JUSTIN KATZ
U.S. Marines standby to conduct an integrated training exercise at Marine Corps Air Ground Combat Center Twentynine Palms, Calif. (U.S. Marine Corps photo by Lance Cpl. Angel D. Travis)
WASHINGTON — The Marine Corps today took the latest step in its Force Design 2030 efforts, initiating a wide range of assessments and overhauls that are all aimed at revamping how the service produces Marines. Russia’s war in Ukraine, senior officials say, have “confirmed” the direction the new document sets for the Marine Corps.
“Current events, I would say, were more confirming that we know that this is what’s necessary,” Sgt. Maj. Stephen Griffin, the senior enlisted at the service’s Training and Education Command, told reporters today at the Pentagon. “That we need a cognitively agile [non-commissioned officer] that can outmaneuver our enemies in the future. It’s just more confirmation.”
The document itself, titled “Training and Education 2030,” is roughly 24 pages long, signed out by Commandant Gen. David Berger, and goes through nearly every element required to produce a United States Marine, from selecting a military occupational specialty and the technology used in the classroom to hosting large-scale exercises and honing marksmanship, a skill the service prides itself on teaching every Marine.
Each section concludes with specific tasks Berger is ordering Training and Education Command, also called TECOM, to undergo. There’s a little more than two dozens tasks, all of which have timelines to be completed no later than sometime in 2025, and they collectively amount to reevaluating every aspect of how Marines train and learn, and whether that way is still the best.
As the TECOM chief, Lt. Gen. Kevin Iiams is the officer primarily responsible for ensuring the tasks are done. While speaking to reporters alongside the sergeant major today, he said one of the structural changes the document solidifies is that his role will now be “dual-hatted” as both the commanding general of TECOM and an associated deputy commandant position. Internal changes like that reflect the importance of the command to the Marine Corps and in the eyes of the current commandant.
Iiams said in total the Marine Corps is now moving away from the “rote, repetitive training” the service once relied upon.

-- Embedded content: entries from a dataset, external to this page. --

lemma le_convex_comb_INF_ennreal:
  fixes c :: ennreal and f g :: "_ \<Rightarrow> ennreal" and t :: real
  assumes "0 < t" "t < 1"
    and "\<And>a b. a \<in> A \<Longrightarrow> b \<in> B \<Longrightarrow> c \<le> f a * ennreal t + g b * ennreal (1 - t)"
  shows "c \<le> (INF a\<in>A. f a) * ennreal t + (INF b\<in>B. g b) * ennreal (1 - t)"
proof (rule ennreal_le_epsilon)
  fix e :: real
  assume fin: "(INF a\<in>A. f a) * ennreal t + (INF b\<in>B. g b) * ennreal (1 - t) < top" and "0 < e"
  then have "(INF a\<in>A. f a) * ennreal t \<noteq> top" "(INF b\<in>B. g b) * ennreal (1 - t) \<noteq> top"
    by auto
  then have "(INF a\<in>A. f a) \<noteq> \<infinity>" "(INF b\<in>B. g b) \<noteq> \<infinity>"
    using assms(1,2) by (auto simp: ennreal_mult_eq_top_iff)
  then obtain a b where ab: "a \<in> A" "f a < (INF a\<in>A. f a) + ennreal e"
      "b \<in> B" "g b < (INF b\<in>B. g b) + ennreal e"
    using INF_approx_ennreal[OF \<open>0 < e\<close> refl] by meson
  have e_split: "ennreal e * ennreal t + ennreal e * ennreal (1 - t) = ennreal e"
    using \<open>0 < e\<close> assms(1,2)
    by (simp add: ennreal_mult[symmetric] ennreal_plus[symmetric] algebra_simps del: ennreal_plus)
  have "c \<le> f a * ennreal t + g b * ennreal (1 - t)"
    using ab assms(3) by blast
  also have "\<dots> \<le> ((INF a\<in>A. f a) + ennreal e) * ennreal t + ((INF b\<in>B. g b) + ennreal e) * ennreal (1 - t)"
    using ab by (intro add_mono mult_right_mono) auto
  also have "\<dots> = (INF a\<in>A. f a) * ennreal t + (INF b\<in>B. g b) * ennreal (1 - t)
      + (ennreal e * ennreal t + ennreal e * ennreal (1 - t))"
    by (simp add: distrib_left distrib_right ac_simps)
  also have "\<dots> = (INF a\<in>A. f a) * ennreal t + (INF b\<in>B. g b) * ennreal (1 - t) + ennreal e"
    by (simp only: e_split)
  finally show "c \<le> (INF a\<in>A. f a) * ennreal t + (INF b\<in>B. g b) * ennreal (1 - t) + ennreal e" .
qed

lemma opt_val_convex_comb_le:
  assumes "closed U" "0 < t" "t < 1"
    and "continuous_on (UNIV \<times> U) (\<lambda>z. r0 (fst z) (snd z))"
    and "\<And>i. continuous_on (UNIV \<times> U) (\<lambda>z. rc i (fst z) (snd z))"
    and "\<And>i. 0 \<le> x $ i" "\<And>i. 0 \<le> y $ i"
  shows "opt_val U \<sigma> b r0 rc (t *\<^sub>R x + (1 - t) *\<^sub>R y)
    \<le> opt_val U \<sigma> b r0 rc x * ennreal t + opt_val U \<sigma> b r0 rc y * ennreal (1 - t)"
  unfolding opt_val_def
proof (rule le_convex_comb_INF_ennreal[OF assms(2,3)])
  fix p q
  assume pq: "p \<in> H_set U \<sigma> b rc x" "q \<in> H_set U \<sigma> b rc y"
  then have "prob_on U p" "prob_on U q"
    by (auto simp: H_set_def occ_G_def)
  then have "cost_int (mix t p q) r0 = cost_int p r0 * ennreal t + cost_int q r0 * ennreal (1 - t)"
    using assms(1-4) by (intro cost_int_mix) simp_all
  moreover have "(INF \<pi>\<in>H_set U \<sigma> b rc (t *\<^sub>R x + (1 - t) *\<^sub>R y). cost_int \<pi> r0) \<le> cost_int (mix t p q) r0"
    by (rule INF_lower[OF H_set_mix[OF pq assms(1-3,5-7)]])
  ultimately show "(INF \<pi>\<in>H_set U \<sigma> b rc (t *\<^sub>R x + (1 - t) *\<^sub>R y). cost_int \<pi> r0)
      \<le> cost_int p r0 * ennreal t + cost_int q r0 * ennreal (1 - t)"
    by simp
qed

lemma continuous_on_convex_ennreal:
  fixes F :: "'a::euclidean_space \<Rightarrow> ennreal"
  assumes "open S" "convex S" "\<And>x. x \<in> S \<Longrightarrow> F x < top"
    and "\<And>x y (t :: real). x \<in> S \<Longrightarrow> y \<in> S \<Longrightarrow> 0 < t \<Longrightarrow> t < 1 \<Longrightarrow>
      F (t *\<^sub>R x + (1 - t) *\<^sub>R y) \<le> F x * ennreal t + F y * ennreal (1 - t)"
  shows "continuous_on S F"
proof -
  have "convex_on S (\<lambda>x. enn2real (F x))"
  proof (rule convex_onI[OF _ assms(2)])
    fix t :: real and x y
    assume "0 < t" "t < 1" "x \<in> S" "y \<in> S"
    then have "F ((1 - t) *\<^sub>R x + t *\<^sub>R y) \<le> F x * ennreal (1 - t) + F y * ennreal t"
      using assms(4)[of x y "1 - t"] by simp
    moreover have "F x * ennreal (1 - t) + F y * ennreal t < top"
      using assms(3) \<open>x \<in> S\<close> \<open>y \<in> S\<close> by (simp add: ennreal_mult_less_top)
    ultimately have "enn2real (F ((1 - t) *\<^sub>R x + t *\<^sub>R y)) \<le> enn2real (F x * ennreal (1 - t) + F y * ennreal t)"
      by (rule enn2real_mono)
    also have "\<dots> = (1 - t) * enn2real (F x) + t * enn2real (F y)"
      using assms(3) \<open>x \<in> S\<close> \<open>y \<in> S\<close> \<open>0 < t\<close> \<open>t < 1\<close>
      by (simp add: enn2real_plus enn2real_mult ennreal_mult_less_top mult.commute)
    finally show "enn2real (F ((1 - t) *\<^sub>R x + t *\<^sub>R y)) \<le> (1 - t) * enn2real (F x) + t * enn2real (F y)" .
  qed
  then have "continuous_on S (\<lambda>x. ennreal (enn2real (F x)))"
    by (intro continuous_on_ennreal convex_on_continuous[OF assms(1)])
  moreover have "ennreal (enn2real (F x)) = F x" if "x \<in> S" for x
    using assms(3)[OF that] by simp
  ultimately show ?thesis
    by (simp cong: continuous_on_cong)
qed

“We want cognitive, problem-solving thinkers for the future. So our [professional military education] programs are going to talk about how we build young Marines into being able to do that, knowing that they are going to be some of the folks who make the critical decisions in the battlefield,” he said.

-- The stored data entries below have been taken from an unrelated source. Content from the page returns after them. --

lemma bond_gderivs:
  fixes \<phi> v :: "real \<Rightarrow> real"
  assumes "N \<ge> 1" and \<phi>_diff: "\<forall>x. \<phi> differentiable at x" and \<phi>_C1: "continuous_on UNIV (deriv \<phi>)"
    and bond: "(i, r) \<in> bondset N R" and "v \<in> U N"
  shows "\<exists>A C. has_gderiv (a_b \<phi> N R i r) (\<lambda>x. F * x) v A
              \<and> has_gderiv (c_b \<phi> N i r) (\<lambda>x. F * x) v C
              \<and> has_gderiv (e_b \<phi> i r) (\<lambda>x. F * x) v
                   (deriv \<phi> (real r * F) * (v (real_of_int i + real r) - v (real_of_int i)))
              \<and> A + C = deriv \<phi> (real r * F) * (v (real_of_int i + real r) - v (real_of_int i))"
proof -
  define s where "s = real_of_int i"
  have "0 < r" and inside: "- (real N + real R) < s" "s + real r < real N + real R"
    using bond unfolding bondset_def Iset_def s_def by auto
  obtain L where lip: "L-lipschitz_on {0..real N} v" using \<open>v \<in> U N\<close> unfolding U_def by auto
  have atomistic: "bond i r \<inter> Omega_a N R = {s<..<s + real r} - {0..real N}"
    using inside unfolding bond_def Omega_a_def s_def by auto
  have continuum: "bond i r \<inter> Omega_c N = {s<..<s + real r} \<inter> {0<..<real N}"
    unfolding bond_def Omega_c_def s_def by auto
  obtain \<alpha> \<beta> where \<alpha>\<beta>: "0 \<le> \<alpha>" "\<alpha> \<le> \<beta>" "\<beta> \<le> real N" "bond i r \<inter> Omega_c N = {\<alpha><..<\<beta>}"
    and split: "a_b_deriv \<phi> (real r) (bond i r \<inter> Omega_a N R) (\<lambda>x. F * x) v + deriv \<phi> (real r * F) * (v \<beta> - v \<alpha>)
                = deriv \<phi> (real r * F) * (v (s + real r) - v s)"
  proof -
    have "0 < real r" "0 < real N" using \<open>0 < r\<close> \<open>N \<ge> 1\<close> by auto
    from bond_split_atomistic_continuum[OF this, of s \<phi> F v] show thesis
      using that unfolding atomistic continuum by blast
  qed
  have "has_gderiv (a_b \<phi> N R i r) (\<lambda>x. F * x) v (a_b_deriv \<phi> (real r) (bond i r \<inter> Omega_a N R) (\<lambda>x. F * x) v)"
    by (rule a_b_has_gderiv[OF \<phi>_diff \<open>0 < r\<close>])
  moreover have "has_gderiv (c_b \<phi> N i r) (\<lambda>x. F * x) v (deriv \<phi> (real r * F) * (v \<beta> - v \<alpha>))"
    using DERIV_cmult[OF DERIV_integral_deriv_affine[OF \<phi>_diff \<phi>_C1 lip \<alpha>\<beta>(1-3)], of "1 / real r" "real r" F]
      \<open>0 < r\<close> unfolding has_gderiv_def c_b_def \<alpha>\<beta>(4) by simp
  moreover have "has_gderiv (e_b \<phi> i r) (\<lambda>x. F * x) v (deriv \<phi> (real r * F) * (v (s + real r) - v s))"
    using DERIV_comp_affine_at_0[of \<phi> "real r * F" "v (s + real r) - v s"] \<phi>_diff
    unfolding has_gderiv_def e_b_def s_def[symmetric] by (simp add: algebra_simps)
  ultimately show ?thesis using split unfolding s_def by blast
qed

lemma has_gderiv_add:
  "has_gderiv G y v D \<Longrightarrow> has_gderiv H y v D' \<Longrightarrow> has_gderiv (\<lambda>z. G z + H z) y v (D + D')"
  unfolding has_gderiv_def by (rule DERIV_add)

lemma has_gderiv_sum:
  "finite I \<Longrightarrow> (\<And>b. b \<in> I \<Longrightarrow> has_gderiv (G b) y v (D b)) \<Longrightarrow>
     has_gderiv (\<lambda>z. \<Sum>b\<in>I. G b z) y v (\<Sum>b\<in>I. D b)"
  unfolding has_gderiv_def by (rule DERIV_sum)

lemma bondset_finite: "finite (bondset N R)"
proof (rule finite_subset)
  show "bondset N R \<subseteq> {- (int N + int R)<..<int N + int R} \<times> {1..R}"
    unfolding bondset_def Iset_def by auto
qed simp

When asked about potential critics — something that Berger and Force Design 2030 has attracted in groves during his tenure as the senior Marine Corps officer — Iiams called the process of making a Marine “sacred” and said that process “fundamentally is not going to change.”
“Modernization, new technology. Can we make it better? Absolutely,” he said. “How do we use these new tech and capabilities to do it faster [and] to do it better?”

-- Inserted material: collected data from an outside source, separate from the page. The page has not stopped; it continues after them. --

(* Let $p$ be an odd prime, $\chi$ a Dirichlet character with odd conductor $f$, and $n,c,k$ positive integers with $c\equiv0\pmod{p-1}$. Then $$\Delta_c^k\epsilon_{n,\chi}\equiv0\pmod{p^k\mathbb Z_p[\chi]},$$ where $\Delta_c^k a_n=\sum_{j=0}^k\binom kj(-1)^{k-j}a_{n+jc}$.
   Context: $\mathbb Z_p[\chi]$ is the ring generated over $\mathbb Z_p$ by the values of $\chi$. For a primitive Dirichlet character $\psi$ of odd conductor $f_\psi$, the generalized Euler numbers $E_{n,\psi}$ are defined by $2\sum_{a=1}^{f_\psi}\frac{(-1)^a\psi(a)e^{at}}{e^{f_\psi t}+1}=\sum_{n\ge0}E_{n,\psi}\frac{t^n}{n!}$ (with $\psi(a)=0$ if $\gcd(a,f_\psi)>1$). Let $\omega$ be the Teichmüller character mod $p$. For $n\ge0$, $\chi_n$ is the primitive Dirichlet character associated with $a\mapsto\chi(a)\omega^{-n}(a)$ on $(\mathbb Z/\mathrm{lcm}(f,p)\mathbb Z)^\times$, and $\epsilon_{n,\chi}=(1-\chi_n(p)p^n)E_{n,\chi_n}$. *)

theory Defs
  imports "HOL-Computational_Algebra.Computational_Algebra" "HOL-Number_Theory.Number_Theory"
begin

definition dirichlet_char :: "nat \<Rightarrow> (nat \<Rightarrow> complex) \<Rightarrow> bool" where
  "dirichlet_char m \<chi> \<longleftrightarrow> m > 0 \<and> (\<forall>a b. \<chi> (a * b) = \<chi> a * \<chi> b) \<and>
     (\<forall>a. \<chi> (a + m) = \<chi> a) \<and> (\<forall>a. \<chi> a = 0 \<longleftrightarrow> \<not> coprime a m) \<and> \<chi> 1 = 1"

definition primitive_char :: "nat \<Rightarrow> (nat \<Rightarrow> complex) \<Rightarrow> bool" where
  "primitive_char m \<chi> \<longleftrightarrow> dirichlet_char m \<chi> \<and>
     \<not> (\<exists>d. d dvd m \<and> d < m \<and> (\<forall>a. coprime a m \<and> [a = 1] (mod d) \<longrightarrow> \<chi> a = 1))"

definition assoc_prim :: "nat \<Rightarrow> (nat \<Rightarrow> complex) \<Rightarrow> nat \<times> (nat \<Rightarrow> complex)" where
  "assoc_prim M g = (THE (F, \<psi>). F dvd M \<and> primitive_char F \<psi> \<and>
                        (\<forall>a. coprime a M \<longrightarrow> \<psi> a = g a))"

text \<open>Extensions of the p-adic absolute value to the algebraic numbers in \<complex>
  (equivalently: a choice of embedding of the algebraic numbers into \<complex>_p).\<close>
definition padic_abs_ext :: "nat \<Rightarrow> (complex \<Rightarrow> real) \<Rightarrow> bool" where
  "padic_abs_ext p N \<longleftrightarrow>
     (\<forall>x. algebraic x \<longrightarrow> N x \<ge> 0 \<and> (N x = 0 \<longleftrightarrow> x = 0)) \<and>
     (\<forall>x y. algebraic x \<and> algebraic y \<longrightarrow>
         N (x * y) = N x * N y \<and> N (x + y) \<le> max (N x) (N y)) \<and>
     (\<forall>m::int. m \<noteq> 0 \<longrightarrow> N (of_int m) = real p powr (- real (multiplicity (int p) m)))"

definition teich :: "nat \<Rightarrow> (complex \<Rightarrow> real) \<Rightarrow> nat \<Rightarrow> complex" where
  "teich p N a = (if p dvd a then 0 else
     (THE z. z ^ (p - 1) = 1 \<and> N (z - of_nat a) < 1))"

definition gen_euler :: "nat \<Rightarrow> (nat \<Rightarrow> complex) \<Rightarrow> nat \<Rightarrow> complex" where
  "gen_euler F \<psi> n = fact n * fps_nth
     ((\<Sum>a=1..F. fps_const (2 * (-1) ^ a * \<psi> a) * fps_exp (of_nat a))
        / (fps_exp (of_nat F) + 1)) n"

definition eps :: "nat \<Rightarrow> (complex \<Rightarrow> real) \<Rightarrow> nat \<Rightarrow> (nat \<Rightarrow> complex) \<Rightarrow> nat \<Rightarrow> complex" where
  "eps p N f \<chi> n = (case assoc_prim (lcm f p) (\<lambda>a. \<chi> a * inverse (teich p N a) ^ n) of
      (F, \<psi>) \<Rightarrow> (1 - \<psi> p * of_nat p ^ n) * gen_euler F \<psi> n)"

definition delta_op :: "nat \<Rightarrow> nat \<Rightarrow> (nat \<Rightarrow> complex) \<Rightarrow> nat \<Rightarrow> complex" where
  "delta_op c k a n = (\<Sum>j\<le>k. of_nat (k choose j) * (-1) ^ (k - j) * a (n + j * c))"

inductive_set zring :: "complex set \<Rightarrow> complex set" for S where
  zr_int: "of_int m \<in> zring S"
| zr_gen: "x \<in> S \<Longrightarrow> x \<in> zring S"
| zr_add: "x \<in> zring S \<Longrightarrow> y \<in> zring S \<Longrightarrow> x + y \<in> zring S"
| zr_mult: "x \<in> zring S \<Longrightarrow> y \<in> zring S \<Longrightarrow> x * y \<in> zring S"

text \<open>y lies in Z_p[chi] = closure of Z[chi] in the completion.\<close>
definition in_Zp_chi :: "(complex \<Rightarrow> real) \<Rightarrow> (nat \<Rightarrow> complex) \<Rightarrow> complex \<Rightarrow> bool" where
  "in_Zp_chi N \<chi> y \<longleftrightarrow> (\<forall>e>0. \<exists>z\<in>zring (range \<chi>). N (y - z) < e)"

end

(*
  For n > 0 and (p - 1) | c the twists chi * omega^-(n + j c) all agree, so Delta_c^k eps_{n,chi}
  is Delta_c^k applied to eps_m = (1 - psi(p) p^m) E_{m,psi} for one primitive character psi of
  odd conductor F.  The generating function shows E_{m,psi} = sum_{a <= F L} (-1)^a psi(a) a^m
  modulo F L for every odd L; comparing L = p^r with L = p^(r-1) gives
    eps_m = sum_{a <= F p^r, p not dividing a} (-1)^a psi(a) a^m   (mod p^(r-1)).
  On the right-hand side Delta_c^k produces the factor (a^c - 1)^k, which is divisible by p^k
  by Fermat.  Letting r grow exhibits Delta_c^k eps_{n,chi} / p^k as a p-adic limit of elements
  of Z[chi]; the values of psi are themselves such limits because omega(a) = lim a^(p^r).
*)

theory Submission
  imports Defs "HOL-Algebra.Finite_Extensions" "HOL-Algebra.Algebraic_Closure_Type"
begin

hide_const (open) Divisibility.prime Polynomials.degree up_ring.coeff up_ring.monom Coset.order

section \<open>Dirichlet characters and their primitive versions\<close>

lemma dirichlet_char_pos: "dirichlet_char m \<chi> \<Longrightarrow> m > 0"
  by (simp add: dirichlet_char_def)

lemma dirichlet_char_mult: "dirichlet_char m \<chi> \<Longrightarrow> \<chi> (a * b) = \<chi> a * \<chi> b"
  by (simp add: dirichlet_char_def)

lemma dirichlet_char_1 [simp]: "dirichlet_char m \<chi> \<Longrightarrow> \<chi> (Suc 0) = 1"
  by (simp add: dirichlet_char_def)

lemma dirichlet_char_eq_0_iff: "dirichlet_char m \<chi> \<Longrightarrow> \<chi> a = 0 \<longleftrightarrow> \<not> coprime a m"
  by (simp add: dirichlet_char_def)

lemma dirichlet_char_add_mult: "dirichlet_char m \<chi> \<Longrightarrow> \<chi> (a + m * q) = \<chi> a"
proof (induction q)
  case (Suc q)
  then have "\<chi> ((a + m * q) + m) = \<chi> (a + m * q)" by (simp add: dirichlet_char_def)
  then show ?case using Suc by (simp add: algebra_simps)
qed simp

lemma dirichlet_char_cong: "dirichlet_char m \<chi> \<Longrightarrow> [a = b] (mod m) \<Longrightarrow> \<chi> a = \<chi> b"
proof -
  assume "dirichlet_char m \<chi>" "[a = b] (mod m)"
  moreover have "\<chi> c = \<chi> (c mod m)" for c
    using dirichlet_char_add_mult[OF \<open>dirichlet_char m \<chi>\<close>, of "c mod m" "c div m"] by simp
  ultimately show "\<chi> a = \<chi> b" by (metis cong_def)
qed

lemma dirichlet_char_root_of_unity:
  assumes "dirichlet_char m \<chi>" "coprime a m" shows "\<chi> a ^ totient m = 1"
proof -
  have "\<chi> a ^ n = \<chi> (a ^ n)" for n
    using assms(1) by (induction n) (simp_all add: dirichlet_char_mult)
  also have "\<chi> (a ^ totient m) = \<chi> 1" using assms(1) euler_theorem[OF assms(2)] by (rule dirichlet_char_cong)
  finally show ?thesis using assms(1) by simp
qed

lemma coprime_lift_mod_divisor:
  fixes M F x :: nat
  assumes "M > 0" "F dvd M" "coprime x F"
  shows "\<exists>b. [b = x] (mod F) \<and> coprime b M"
proof -
  define S where "S = {q. prime q \<and> q dvd M \<and> \<not> q dvd x}"
  have "finite S"
    using assms(1) by (intro finite_subset[of S "{..M}"]) (auto simp: S_def dest: dvd_imp_le)
  then have dvd_prod_S: "q dvd \<Prod>S \<longleftrightarrow> q \<in> S" if "prime q" for q
    using that prime_dvd_prod_iff[of S q id] by (auto simp: S_def dest: primes_dvd_imp_eq)
  define b where "b = x + F * \<Prod>S"
  have "\<not> q dvd b" if q: "prime q" "q dvd M" for q
  proof
    assume "q dvd b"
    show False
    proof (cases "q dvd x")
      case True
      then have "\<not> q dvd F" using assms(3) q(1) by (metis coprime_common_divisor not_prime_unit)
      moreover have "\<not> q dvd \<Prod>S" using True dvd_prod_S[OF q(1)] by (simp add: S_def)
      ultimately show False
        using \<open>q dvd b\<close> True q(1) by (simp add: b_def dvd_add_right_iff prime_dvd_mult_iff)
    next
      case False
      then have "q dvd F * \<Prod>S" using dvd_prod_S[OF q(1)] q by (simp add: S_def)
      then show False using \<open>q dvd b\<close> False by (simp add: b_def dvd_add_left_iff)
    qed
  qed
  then have "coprime b M"
    by (metis coprime_commute prime_factor_nat coprime_iff_gcd_eq_1 gcd_dvd1 gcd_dvd2 dvd_trans)
  moreover have "[b = x] (mod F)" by (simp add: b_def cong_def)
  ultimately show ?thesis by blast
qed

lemma cong_solve_two_moduli:
  fixes m n a b :: nat
  assumes "m > 0" "n > 0" "[a = b] (mod gcd m n)"
  shows "\<exists>x. [x = a] (mod m) \<and> [x = b] (mod n)"
proof -
  obtain u v :: int where uv: "u * int m + v * int n = gcd (int m) (int n)"
    using bezout_int by blast
  obtain s where s: "int a - int b = int (gcd m n) * s"
    using assms(3) by (metis cong_int_iff cong_iff_dvd_diff dvdE)
  define x where "x = int b + v * int n * s"
  have "x - int a = v * int n * s - int (gcd m n) * s"
    using s by (simp add: x_def algebra_simps)
  also have "\<dots> = - (u * int m * s)"
    by (simp add: uv[symmetric] algebra_simps flip: gcd_int_int_eq)
  finally have "x - int a = - (u * int m * s)" .
  then have "[x = int a] (mod int m)" "[x = int b] (mod int n)"
    by (simp_all add: x_def cong_iff_dvd_diff)
  moreover have "[int (nat (x mod (int m * int n))) = x] (mod int m * int n)"
    using assms by (simp add: cong_def)
  ultimately show ?thesis
    by (metis cong_dvd_modulus cong_int_iff cong_trans dvd_triv_left dvd_triv_right)
qed

lemma coprime_lcm_right_iff: "coprime a (lcm b c) \<longleftrightarrow> coprime a b \<and> coprime a c"
  for a b c :: nat
proof
  assume "coprime a (lcm b c)"
  then show "coprime a b \<and> coprime a c"
    using coprime_divisors[OF dvd_refl dvd_lcm1] coprime_divisors[OF dvd_refl dvd_lcm2] by blast
next
  assume "coprime a b \<and> coprime a c"
  then have "coprime a (b * c)" by simp
  moreover have "lcm b c dvd b * c" by (intro lcm_least) auto
  ultimately show "coprime a (lcm b c)" using coprime_divisors[OF dvd_refl] by blast
qed

definition defined_mod :: "nat \<Rightarrow> (nat \<Rightarrow> complex) \<Rightarrow> nat \<Rightarrow> bool" where
  "defined_mod M g d \<longleftrightarrow> d dvd M \<and> (\<forall>a. coprime a M \<and> [a = 1] (mod d) \<longrightarrow> g a = 1)"

lemma defined_mod_self: "dirichlet_char M g \<Longrightarrow> defined_mod M g M"
  using dirichlet_char_cong[of M g _ 1] by (auto simp: defined_mod_def)

lemma defined_mod_cong:
  assumes g: "dirichlet_char M g" and d: "defined_mod M g d"
    and b: "coprime b M" "coprime b' M" "[b = b'] (mod d)"
  shows "g b = g b'"
proof -
  obtain c where c: "[b * c = 1] (mod M)" using cong_solve_coprime_nat[OF b(1)] by auto
  then have "coprime c M" using cong_imp_coprime[OF cong_sym[OF c]] by simp
  have gbc: "g b * g c = 1" using dirichlet_char_cong[OF g c] g by (simp add: dirichlet_char_mult)
  have "[b' * c = 1] (mod d)"
    using cong_trans[OF cong_mult[OF cong_sym[OF b(3)] cong_refl] cong_dvd_modulus_nat[OF c]] d
    by (simp add: defined_mod_def)
  moreover have "coprime (b' * c) M" using b(2) \<open>coprime c M\<close> by simp
  ultimately have "g (b' * c) = 1" using d unfolding defined_mod_def by blast
  then have "g b' * g c = 1" using g by (simp add: dirichlet_char_mult)
  with gbc show ?thesis by (metis mult.commute mult.left_neutral mult.assoc)
qed

definition descend_char :: "nat \<Rightarrow> (nat \<Rightarrow> complex) \<Rightarrow> nat \<Rightarrow> nat \<Rightarrow> complex" where
  "descend_char M g d x =
     (if coprime x d then g (SOME b. [b = x] (mod d) \<and> coprime b M) else 0)"

lemma descend_char_eq:
  assumes g: "dirichlet_char M g" and d: "defined_mod M g d"
    and b: "[b = x] (mod d)" "coprime b M"
  shows "descend_char M g d x = g b"
proof -
  have "coprime b d" using b(2) d coprime_divisors[OF dvd_refl] by (auto simp: defined_mod_def)
  then have x: "coprime x d" using cong_imp_coprime[OF b(1)] by blast
  define b0 where "b0 = (SOME b. [b = x] (mod d) \<and> coprime b M)"
  have "\<exists>b. [b = x] (mod d) \<and> coprime b M" using b by blast
  then have "[b0 = x] (mod d) \<and> coprime b0 M"
    unfolding b0_def by (rule someI_ex)
  then have b0: "[b0 = x] (mod d)" "coprime b0 M" by auto
  have "g b0 = g b"
    by (rule defined_mod_cong[OF g d b0(2) b(2) cong_trans[OF b0(1) cong_sym[OF b(1)]]])
  then show ?thesis using x by (simp add: descend_char_def b0_def)
qed

lemma descend_char_lift:
  assumes g: "dirichlet_char M g" and d: "defined_mod M g d" and x: "coprime x d"
  obtains b where "[b = x] (mod d)" "coprime b M" "descend_char M g d x = g b"
  using coprime_lift_mod_divisor[OF dirichlet_char_pos[OF g] _ x] d descend_char_eq[OF g d]
  by (metis defined_mod_def)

As Russia’s war in Ukraine approaches the one year mark, a consistent commentary by military observers has been a lack of strong NCO corps in the Russian army. By contrast, producing NCOs is a point of pride for all the US service branches, and in particular, the Marine Corps. (On a panel of six senior Marine officials who spoke to reporters today, nearly all of them were keen to reinforce that point when asked about it.)
“I think a lot of what you have seen in Ukraine is — here’s a force who is very well equipped, but not very well-trained,” said Iiams, referring to Russia. “The strength of our Marine Corps against our peer-level adversaries is going to be that thinking, well-trained Marine that we’re going to provide for the future.”
Although the new document’s publication was prompted by a variety of other factors and initiatives unrelated to the past year in Ukraine, Anthony Greco, TECOM’s executive director, hinted that current events always play a part in force development efforts such as “Training and Education 2030.”
“You can’t provide realistic training without understanding the threat and ensuring that that’s an element of the calculus that you make with regards to providing that training,” he said.
Col. Mark Smith, director of the range training programs division at TECOM, in responding to the same question put it even more succinctly.
“Our NCOs aren’t going to show up [on a battlefield] and ask: ‘Why are we here’?” he said.